I find Piper heaving the grocery bags from the front entryway, through the house, and into the kitchen, and I decide to help her.

“Heya, Luck,” she greets me passively while I pick up a couple of bags with one hand, still holding the phone with the other. “You don’t gotta do that. I got it.”

“Got nothing better to do right now, darlin’,” I mumble.

We silently carry the bags into the kitchen and set up the sanitation assembly line. I sterilize everything, and Piper puts it away. All the while my phone is propped up against an empty crystal vase on the center of the large, granite-topped kitchen island. Ava’s still snoozing away, struggling to breathe, but managing it anyway.

“Is that Ava?” Piper’s voice breaks through the silence of our work after a couple of minutes. She moves to stand next to me and eyes the screen.

“Yeah,” I answer as neutrally as I can.

Piper sighs and knits her light brown brows. “Poor little babe.
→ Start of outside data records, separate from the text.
(* P_T = W W^H for the n^2 x r matrix W whose column s is the vectorisation of V_s. Hence
   (P_T)_1 = X X^H and (P_T)_2 = Y Y^H with X = kron W I_n and Y = kron I_n W (columns reordered),
   and cyclicity of the trace gives tr((X X^H Y Y^H)^m) = tr((Y^H X X^H Y)^m) for m >= 1.
   Now Y^H X and X^H Y are r x r block matrices with blocks V_m conj(V_s) and V_m^t V_s^H, so
   their product is A_T. *)

lemma mult_add_less_mult:
  fixes x y a b :: nat
  assumes "x < a" and "y < b"
  shows "x * b + y < a * b"
proof -
  have "x * b + y < Suc x * b" using assms(2) by simp
  also have "\<dots> \<le> a * b" using assms(1) by (intro mult_le_mono1) simp
  finally show ?thesis .
qed

lemma div_mod_less_of_less_mult:
  fixes i a b :: nat
  assumes "i < a * b"
  shows "i div b < a" and "i mod b < b"
  using assms by (cases "b = 0"; simp add: less_mult_imp_div_less)+

lemma sum_lessThan_mult:
  fixes f :: "nat \<Rightarrow> 'a :: comm_monoid_add"
  shows "(\<Sum>i<a * b. f i) = (\<Sum>x<a. \<Sum>y<b. f (x * b + y))"
proof (induction a)
  case (Suc a)
  have "{..<Suc a * b} = {..<a * b} \<union> {a * b..<a * b + b}" by auto
  then have "(\<Sum>i<Suc a * b. f i) = (\<Sum>i<a * b. f i) + (\<Sum>i\<in>{a * b..<a * b + b}. f i)"
    by (simp add: sum.union_disjoint ivl_disj_int)
  also have "(\<Sum>i\<in>{a * b..<a * b + b}. f i) = (\<Sum>y<b. f (a * b + y))"
    using sum.shift_bounds_nat_ivl[of f 0 "a * b" b] by (simp add: atLeast0LessThan add.commute)
  finally show ?case using Suc by simp
qed simp

lemma mtrace_mult_comm:
  assumes "A \<in> carrier_mat p q" and "B \<in> carrier_mat q p"
  shows "mtrace (A * B) = mtrace (B * A)"
proof -
  have "mtrace (A * B) = (\<Sum>i<p. \<Sum>k<q. A $$ (i, k) * B $$ (k, i))"
    using assms by (simp add: mtrace_def scalar_prod_def atLeast0LessThan)
  also have "\<dots> = (\<Sum>k<q. \<Sum>i<p. B $$ (k, i) * A $$ (i, k))"
    by (subst sum.swap) (simp add: mult.commute)
  also have "\<dots> = mtrace (B * A)"
    using assms by (simp add: mtrace_def scalar_prod_def atLeast0LessThan)
  finally show ?thesis .
qed

lemma pow_mat_Suc_mult_comm:
  assumes A: "A \<in> carrier_mat p q" and B: "B \<in> carrier_mat q p"
  shows "(A * B) ^\<^sub>m Suc k = A * ((B * A) ^\<^sub>m k * B)"
proof (induction k)
  case 0
  show ?case using A B by simp
next
  case (Suc k)
  define M where "M = (B * A) ^\<^sub>m k * B"
  have BA: "(B * A) ^\<^sub>m k \<in> carrier_mat q q" using A B by simp
  have M: "M \<in> carrier_mat q p" using BA B unfolding M_def by simp
  have "(A * B) ^\<^sub>m Suc (Suc k) = A * M * (A * B)"
    using Suc by (simp add: M_def)
  also have "\<dots> = A * (M * (A * B))"
    using assoc_mult_mat[OF A M mult_carrier_mat[OF A B]] .
  also have "M * (A * B) = M * A * B"
    using assoc_mult_mat[OF M A B] by simp
  also have "M * A = (B * A) ^\<^sub>m Suc k"
    unfolding M_def using assoc_mult_mat[OF BA B A] by simp
  finally show ?case by simp
qed
lemma dtrans_KPreE:
  assumes "dtrans d (KPre a k X) \<theta> Q"
  obtains (inner) X' where "Q = KPre a k X'" "dtrans d X \<theta> X'" "pkey \<theta> \<noteq> k"
    | (undo) "\<theta> = PA [] a k" "Q = Pre a X"
  using assms by (cases d) (auto elim: ftrans.cases)

lemma dtrans_RsE:
  assumes "dtrans d (Rs X l) \<theta> Q"
  obtains X' where "Q = Rs X' l" "dtrans d X \<theta> X'" "lab \<theta> \<notin> {Vis l, Vis (cobar l)}"
  using assms by (cases d) (auto elim: ftrans.cases)

lemma dtrans_PlusE:
  assumes "dtrans d (Plus X Y) \<theta> Q"
  obtains (left) \<phi> X' where "\<theta> = pre (TSum DL) \<phi>" "Q = Plus X' Y" "dtrans d X \<phi> X'" "keys Y = {}"
    | (right) \<phi> Y' where "\<theta> = pre (TSum DR) \<phi>" "Q = Plus X Y'" "dtrans d Y \<phi> Y'" "keys X = {}"
  using assms by (cases d) (auto elim: ftrans.cases)

lemma dtrans_PaE:
  assumes "dtrans d (Pa X Y) \<theta> Q"
  obtains (left) \<phi> X' where "\<theta> = pre (TPar DL) \<phi>" "Q = Pa X' Y" "dtrans d X \<phi> X'" "pkey \<phi> \<notin> keys Y"
    | (right) \<phi> Y' where "\<theta> = pre (TPar DR) \<phi>" "Q = Pa X Y'" "dtrans d Y \<phi> Y'" "pkey \<phi> \<notin> keys X"
    | (sync) u1 l u2 k X' Y' where "\<theta> = PS [] u1 l u2 k" "Q = Pa X' Y'"
        "dtrans d X (PA u1 (Vis l) k) X'" "dtrans d Y (PA u2 (Vis (cobar l)) k) Y'"
  using assms by (cases d) (auto elim: ftrans.cases)

lemma dtrans_pref: "dtrans d X \<theta> X' \<Longrightarrow> pkey \<theta> \<noteq> k \<Longrightarrow> dtrans d (KPre a k X) \<theta> (KPre a k X')"
  by (cases d) (auto intro: ftrans.intros)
What a nightmare.”

“Yeah,” I say again.

She rubs my back and smooches my cheek, and then we go back to our work.

I stare at the screen while wiping random items with disinfectant, and everything in me hurts. I can’t do anything to help her, and I hate it. Despite being born Catholic by default and spending my earliest years in a Catholic orphanage, I don’t really believe in God, but I find myself mentally murmuring to St. Catherine of Siena, one of the patron saints of nurses. I think of her because she lived during a plague, and who better to understand this shitstorm than her, right?

Just help her breathe, for God’s sake, I plead in my mind, which isn’t a very respectful way to address a saint, I know, but my desperation is at an all-time high.I love her. I need her. She deserves more of a life than the short one she’s had. Throw me a friggin’ bone here and just let her live.

It all feels pretty pointless as Piper and I finish up with the groceries.

But then...hope.

Ava stirs.

It starts as just her nestling her head deeper into the pillow and tilting it to one side, her pretty little hands, riddled with IVs and tubes, tugging at the blanket and pulling it closer to her chin, but I freeze and stare expectantly. Movement in her eyelids follows; a deep flinch followed by a series of more subtle ones. Then her slender shoulders shift like she can’t get comfortable. One of her hands shakily goes to her closed eyes, and she rubs one eyelid with the tips of her fingers.

And then, a tiny little mewl; one that sounds a lot like when Piper was extricating the little shards of glass from Ava’s back. That night when I let myself start falling.

“Ava?” the nurse says. “How are you, hon?”

Another mewl, and then a quiet moan, and then her eyes blink open.

They’re glassy and unfocused, but seeing them again after so long causes me to involuntarily cross myself in a salute to St. Catherine before I pick up the phone to stare intently at the screen.

“I don’t feel well,” Ava mumbles with a little hitch in her throat.